Neural markers of perceptual integration without attention
Speaker: Johannes Fahrenfort; Vrije Universiteit, Amsterdam
A number of studies have shown that object detection and object categorisation can occur outside consciousness, and are largely mediated by feedforward connections in the brain. Conscious object perception on the other hand, requires a process of neuronal integration mediated by recurrent connections. The question I will address in this talk, is to what extent this process of integration requires attention. Traditionally, recurrent processing has been associated with top down attention and control. However, going against a long tradition in which attention is thought to cause feature integration, a number of studies suggest that feature integration also takes place without attention.

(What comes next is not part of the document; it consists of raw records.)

(* 3. Row encoding of tableaux.  fillings a b N are the lists of rows (multisets with entries in
   {1..N}, row i of size a ! i) such that consecutive rows satisfy the overlap conditions b;
   they are in weight-preserving bijection with the semistandard tableaux of the overlap shape
   (a | b), so {a | b} is the sum of their weights. *)
definition fillings :: "nat list \<Rightarrow> nat list \<Rightarrow> nat \<Rightarrow> nat multiset list set" where
  "fillings a b N = {Rs. length Rs = length a \<and> (\<forall>i<length a. size (Rs!i) = a!i \<and> set_mset (Rs!i) \<subseteq> {1..N})
      \<and> (\<forall>i<length b. col_strict (b!i) (Rs!i) (Rs!(Suc i)))}"

definition mweight :: "(nat \<Rightarrow> 'r::comm_ring_1) \<Rightarrow> nat multiset \<Rightarrow> 'r" where
  "mweight x M = prod_mset (image_mset x M)"

definition rweight :: "(nat \<Rightarrow> 'r::comm_ring_1) \<Rightarrow> nat multiset list \<Rightarrow> 'r" where
  "rweight x Rs = prod_list (map (mweight x) Rs)"

lemma mweight_plus: "mweight x (P + Q) = mweight x P * mweight x Q"
  by (simp add: mweight_def)

(* Within a valid overlap shape: row i occupies the columns mu i + 1 .. lam i, and both ends
   move weakly to the left from one row to the next. *)
locale overlap_shape =
  fixes a b :: "nat list"
  assumes valid: "ov_valid a b"
begin

abbreviation "lam i \<equiv> ov_right a b i"
definition "mu i = ov_right a b i - int (a!i)"

lemma lenb: "length b + 1 = length a" using valid by (simp add: ov_valid_def)

lemma bnd: "i < length b \<Longrightarrow> b!i \<le> a!i \<and> b!i \<le> a!(Suc i)"
  using valid by (simp add: ov_valid_def)

lemma lam_Suc: "lam (Suc i) = mu i + int (b!i)"
  by (simp add: mu_def)

lemma mu_Suc: "mu (Suc i) = mu i + int (b!i) - int (a!(Suc i))"
  by (simp add: mu_def)

lemma bounds_step: "i < length b \<Longrightarrow> lam (Suc i) \<le> lam i \<and> mu (Suc i) \<le> mu i"
  using bnd[of i] by (simp add: mu_Suc lam_Suc)

lemma bounds_antimono: "i \<le> i' \<Longrightarrow> i' < length a \<Longrightarrow> lam i' \<le> lam i \<and> mu i' \<le> mu i"
proof (induction i' rule: dec_induct)
  case base then show ?case by simp
next
  case (step k)
  have "k < length b" using step lenb by simp
  then show ?case using step bounds_step[of k] by auto
qed

lemma cells_eq: "ov_cells a b = {(i,j). i < length a \<and> mu i < j \<and> j \<le> lam i}"
  by (simp add: ov_cells_def mu_def)

lemma cell_in: "i < length a \<Longrightarrow> j < a!i \<Longrightarrow> (i, mu i + 1 + int j) \<in> ov_cells a b"
  by (simp add: cells_eq mu_def)

lemma cells_column_convex:
  assumes "(i,c) \<in> ov_cells a b" "(i',c) \<in> ov_cells a b" "i < i'"
  shows "(Suc i, c) \<in> ov_cells a b"
proof -
  have "Suc i \<le> i'" "i' < length a" using assms by (auto simp: cells_eq)
  then have "lam i' \<le> lam (Suc i)" "mu (Suc i) \<le> mu i" using bounds_antimono[of "Suc i" i'] bounds_antimono[of i "Suc i"] by auto
  then show ?thesis using assms \<open>Suc i \<le> i'\<close> \<open>i' < length a\<close> by (auto simp: cells_eq)
qed

definition row_entries :: "(nat \<times> int \<Rightarrow> nat) \<Rightarrow> nat \<Rightarrow> nat list" where
  "row_entries T i = map (\<lambda>j. T (i, mu i + 1 + int j)) [0..<a!i]"

definition rows_of :: "(nat \<times> int \<Rightarrow> nat) \<Rightarrow> nat multiset list" where
  "rows_of T = map (\<lambda>i. mset (row_entries T i)) [0..<length a]"

lemma row_entries_length[simp]: "length (row_entries T i) = a!i" by (simp add: row_entries_def)

lemma row_entries_nth: "j < a!i \<Longrightarrow> row_entries T i ! j = T (i, mu i + 1 + int j)" by (simp add: row_entries_def)

context
  fixes N :: nat and T
  assumes T: "T \<in> ssyt (ov_cells a b) N"
begin

lemma T_range: "c \<in> ov_cells a b \<Longrightarrow> T c \<in> {1..N}" using T by (simp add: ssyt_def)

lemma T_row: "(i,j) \<in> ov_cells a b \<Longrightarrow> (i,j') \<in> ov_cells a b \<Longrightarrow> j < j' \<Longrightarrow> T (i,j) \<le> T (i,j')"
  using T by (simp add: ssyt_def)

lemma T_col: "(i,j) \<in> ov_cells a b \<Longrightarrow> (i',j) \<in> ov_cells a b \<Longrightarrow> i < i' \<Longrightarrow> T (i,j) < T (i',j)"
  using T by (simp add: ssyt_def)

lemma row_entries_sorted: "i < length a \<Longrightarrow> sorted (row_entries T i)"
  unfolding sorted_iff_nth_mono_less by (auto simp: row_entries_nth intro!: T_row cell_in)

lemma row_entries_set: "i < length a \<Longrightarrow> set (row_entries T i) \<subseteq> {1..N}"
  using T_range cell_in by (auto simp: row_entries_def)

lemma rows_of_in: "rows_of T \<in> fillings a b N"
proof -
  have col_strict: "col_strict (b!i) (mset (row_entries T i)) (mset (row_entries T (Suc i)))" if i: "i < length b" for i
  proof -
    have ia: "i < length a" "Suc i < length a" using i lenb by auto
    have "(\<forall>j<b!i. row_entries T i ! j < row_entries T (Suc i) ! (length (row_entries T (Suc i)) - b!i + j))"
    proof (intro allI impI)
      fix j assume j: "j < b!i"
      have j1: "j < a!i" "a!(Suc i) - b!i + j < a!(Suc i)" using j bnd[OF i] by auto
      have col: "mu (Suc i) + 1 + int (a!(Suc i) - b!i + j) = mu i + 1 + int j"
        using bnd[OF i] by (simp add: mu_Suc of_nat_diff)
      have c2: "(Suc i, mu i + 1 + int j) \<in> ov_cells a b"
        using cell_in[OF ia(2) j1(2)] by (simp only: col)
      show "row_entries T i ! j < row_entries T (Suc i) ! (length (row_entries T (Suc i)) - b!i + j)"
      proof -
        have r2: "row_entries T (Suc i) ! (a!(Suc i) - b!i + j) = T (Suc i, mu i + 1 + int j)"
          by (simp only: row_entries_nth[OF j1(2)] col)
        show ?thesis using T_col[OF cell_in[OF ia(1) j1(1)] c2] r2 row_entries_nth[OF j1(1)] by simp
      qed
    qed
    then show ?thesis using col_strict_if_pointwise[OF row_entries_sorted[OF ia(1)] row_entries_sorted[OF ia(2)]] bnd[OF i] by simp
  qed
  show ?thesis unfolding fillings_def rows_of_def using col_strict row_entries_set lenb
    by (auto simp: subset_iff)
qed

end

lemma cell_coords: "(i,c) \<in> ov_cells a b \<Longrightarrow> nat (c - mu i - 1) < a!i \<and> c = mu i + 1 + int (nat (c - mu i - 1)) \<and> i < length a"
  by (auto simp: cells_eq mu_def)

lemma sorted_mset_eq: "sorted xs \<Longrightarrow> sorted ys \<Longrightarrow> mset xs = mset ys \<Longrightarrow> xs = ys"
  by (metis properties_for_sort sorted_sort_id)

(* A tableau is determined by its rows, since rows are sorted. *)
lemma rows_of_inj: "inj_on rows_of (ssyt (ov_cells a b) N)"
proof (rule inj_onI)
  fix T1 T2 assume T1: "T1 \<in> ssyt (ov_cells a b) N" and T2: "T2 \<in> ssyt (ov_cells a b) N" and eq: "rows_of T1 = rows_of T2"
  have rows: "row_entries T1 i = row_entries T2 i" if i: "i < length a" for i
  proof -
    have "rows_of T1 ! i = rows_of T2 ! i" using eq by simp
    then have "mset (row_entries T1 i) = mset (row_entries T2 i)" using i by (simp add: rows_of_def)
    then show ?thesis using row_entries_sorted[OF T1 i] row_entries_sorted[OF T2 i] sorted_mset_eq by blast
  qed
  show "T1 = T2"
  proof
    fix p :: "nat \<times> int"
    obtain i c where p: "p = (i,c)" by (cases p)
    show "T1 p = T2 p"
    proof (cases "(i,c) \<in> ov_cells a b")
      case True
      define j where "j = nat (c - mu i - 1)"
      have j: "j < a!i" "c = mu i + 1 + int j" "i < length a" using cell_coords[OF True] by (auto simp: j_def)
      have "T1 (i,c) = row_entries T1 i ! j" using j by (simp add: row_entries_nth)
      also have "\<dots> = row_entries T2 i ! j" using rows j by simp
      also have "\<dots> = T2 (i,c)" using j by (simp add: row_entries_nth)
      finally show ?thesis using p by simp
    next
      case False then show ?thesis using T1 T2 p by (simp add: ssyt_def)
    qed
  qed
qed

context
  fixes N Rs
  assumes Rs: "Rs \<in> fillings a b N"
begin

definition "sorted_row i = sorted_list_of_multiset (Rs!i)"
definition "tableau_of p = (if p \<in> ov_cells a b then sorted_row (fst p) ! nat (snd p - mu (fst p) - 1) else 0)"

lemma sorted_row_props: "i < length a \<Longrightarrow> length (sorted_row i) = a!i \<and> sorted (sorted_row i) \<and> set (sorted_row i) \<subseteq> {1..N} \<and> mset (sorted_row i) = Rs!i"
proof -
  assume i: "i < length a"
  have "size (Rs!i) = a!i" "set_mset (Rs!i) \<subseteq> {1..N}" using Rs i by (auto simp: fillings_def)
  moreover have "length (sorted_list_of_multiset M) = size M" for M :: "nat multiset"
    by (metis size_mset mset_sorted_list_of_multiset)
  ultimately show ?thesis by (simp add: sorted_row_def)
qed

lemma tableau_of_cell: "(i,c) \<in> ov_cells a b \<Longrightarrow> tableau_of (i,c) = sorted_row i ! nat (c - mu i - 1)"
  by (simp add: tableau_of_def)

lemma tableau_of_col:
  assumes c1: "(i,c) \<in> ov_cells a b" and c2: "(Suc i, c) \<in> ov_cells a b"
  shows "tableau_of (i,c) < tableau_of (Suc i, c)"
proof -
  have ia: "Suc i < length a" using c2 by (simp add: cells_eq)
  then have ib: "i < length b" using lenb by simp
  define j where "j = nat (c - mu i - 1)"
  have jb: "j < b!i" using c1 c2 by (auto simp: cells_eq j_def mu_def)
  have idx: "nat (c - mu (Suc i) - 1) = a!(Suc i) - b!i + j"
    using c1 c2 bnd[OF ib] by (auto simp: cells_eq j_def mu_Suc)
  have P1: "length (sorted_row i) = a!i" "sorted (sorted_row i)" "mset (sorted_row i) = Rs!i" using sorted_row_props[of i] ia by auto
  have P2: "length (sorted_row (Suc i)) = a!(Suc i)" "sorted (sorted_row (Suc i))" "mset (sorted_row (Suc i)) = Rs!(Suc i)"
    "set (sorted_row (Suc i)) \<subseteq> {1..N}" using sorted_row_props[OF ia] by auto
  have z: "0 \<notin> set (sorted_row (Suc i))" using P2(4) by auto
  have "col_strict (b!i) (Rs!i) (Rs!(Suc i))" using Rs ib by (simp add: fillings_def)
  then have "\<forall>j<b!i. sorted_row i ! j < sorted_row (Suc i) ! (length (sorted_row (Suc i)) - b!i + j)"
    using col_strict_sorted_pointwise[OF P1(2) P2(2) _ _ z] P1 P2 bnd[OF ib] by simp
  then show ?thesis using jb idx P2(1) by (simp add: tableau_of_cell c1 c2 j_def)
qed

lemma tableau_of_ssyt: "tableau_of \<in> ssyt (ov_cells a b) N"
proof -
  have range: "tableau_of c \<in> {1..N}" if "c \<in> ov_cells a b" for c
  proof -
    obtain i cc where c: "c = (i,cc)" by (cases c)
    have "nat (cc - mu i - 1) < a!i" "i < length a" using cell_coords that c by auto
    then have "sorted_row i ! nat (cc - mu i - 1) \<in> set (sorted_row i)" using sorted_row_props[of i] by simp
    then show ?thesis using sorted_row_props[of i] c that \<open>i < length a\<close> by (auto simp: tableau_of_cell)
  qed
  have outside: "tableau_of c = 0" if "c \<notin> ov_cells a b" for c using that by (simp add: tableau_of_def)
  have row: "tableau_of (i,j) \<le> tableau_of (i,j')" if "(i,j) \<in> ov_cells a b" "(i,j') \<in> ov_cells a b" "j < j'" for i j j'
  proof -
    have "nat (j' - mu i - 1) < a!i" "i < length a" using cell_coords that by auto
    moreover have "nat (j - mu i - 1) \<le> nat (j' - mu i - 1)" using that by simp
    ultimately show ?thesis using sorted_row_props[of i] that by (auto simp: tableau_of_cell intro: sorted_nth_mono)
  qed
  have col: "tableau_of (i,j) < tableau_of (i',j)" if "(i,j) \<in> ov_cells a b" "(i',j) \<in> ov_cells a b" "i < i'" for i i' j
    using that
  proof (induction "i' - i" arbitrary: i)
    case 0 then show ?case by simp
  next
    case (Suc d)
    have s1: "(Suc i, j) \<in> ov_cells a b" using cells_column_convex Suc.prems by blast
    have a1: "tableau_of (i,j) < tableau_of (Suc i, j)" using tableau_of_col Suc.prems(1) s1 by blast
    show ?case
    proof (cases "Suc i = i'")
      case True then show ?thesis using a1 by simp
    next
      case False
      then have "tableau_of (Suc i, j) < tableau_of (i', j)" using Suc s1 by simp
      then show ?thesis using a1 by simp
    qed
  qed
  show ?thesis unfolding ssyt_def using range outside row col by blast
qed

lemma rows_of_tableau_of: "rows_of tableau_of = Rs"
proof (rule nth_equalityI)
  show "length (rows_of tableau_of) = length Rs" using Rs by (simp add: rows_of_def fillings_def)
next
  fix i assume "i < length (rows_of tableau_of)"
  then have i: "i < length a" by (simp add: rows_of_def)
  have "row_entries tableau_of i = sorted_row i"
  proof (rule nth_equalityI)
    show "length (row_entries tableau_of i) = length (sorted_row i)" using sorted_row_props[OF i] by simp
  next
    fix j assume "j < length (row_entries tableau_of i)"
    then have j: "j < a!i" by simp
    show "row_entries tableau_of i ! j = sorted_row i ! j" using cell_in[OF i j] j by (simp add: row_entries_nth tableau_of_cell)
  qed
  then show "rows_of tableau_of ! i = Rs ! i" using i sorted_row_props[OF i] by (simp add: rows_of_def)
qed

end

lemma rows_of_bij: "bij_betw rows_of (ssyt (ov_cells a b) N) (fillings a b N)"
proof -
  have "rows_of ` ssyt (ov_cells a b) N = fillings a b N"
  proof
    show "rows_of ` ssyt (ov_cells a b) N \<subseteq> fillings a b N" using rows_of_in by blast
    show "fillings a b N \<subseteq> rows_of ` ssyt (ov_cells a b) N"
      using rows_of_tableau_of tableau_of_ssyt by (metis image_eqI subsetI)
  qed
  then show ?thesis using rows_of_inj by (simp add: bij_betw_def)
qed

lemma cells_enum_bij:
  "bij_betw (\<lambda>(i, j). (i, mu i + 1 + int j)) (SIGMA i:{..<length a}. {..<a!i}) (ov_cells a b)"
proof (rule bij_betw_imageI)
  show "inj_on (\<lambda>(i, j). (i, mu i + 1 + int j)) (SIGMA i:{..<length a}. {..<a!i})"
    by (auto simp: inj_on_def)
  show "(\<lambda>(i, j). (i, mu i + 1 + int j)) ` (SIGMA i:{..<length a}. {..<a!i}) = ov_cells a b"
  proof
    show "(\<lambda>(i, j). (i, mu i + 1 + int j)) ` (SIGMA i:{..<length a}. {..<a!i}) \<subseteq> ov_cells a b"
      using cell_in by auto
    show "ov_cells a b \<subseteq> (\<lambda>(i, j). (i, mu i + 1 + int j)) ` (SIGMA i:{..<length a}. {..<a!i})"
    proof clarify
      fix i c assume "(i, c) \<in> ov_cells a b"
      then show "(i, c) \<in> (\<lambda>(i, j). (i, mu i + 1 + int j)) ` (SIGMA i:{..<length a}. {..<a!i})"
        using cell_coords[of i c] by (auto intro!: image_eqI[where x = "(i, nat (c - mu i - 1))"])
    qed
  qed
qed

This would imply that neuronal integration does not require attentional control. In a recent EEG experiment, we tested whether neural markers of feature integration occur without attention. Employing a 2 by 2 factorial design of masking and the attentional blink, we show that behaviourally, both masking and attention affect the degree to which subjects are able to report on integrated percepts (i.e. illusory surface perception in a Kanizsa figure). However, when using a multivariate classifier on the EEG, one can decode the presence of integrated percepts equally well for blinked and non-blinked trials, whereas masking selectively abolishes the ability to decode integrated percepts (but not features). This study uncovers a fundamental difference in the way attention and masking impact cortical processing. Together, these data suggest that feature integration does not require attention, whereas it is abolished by masking.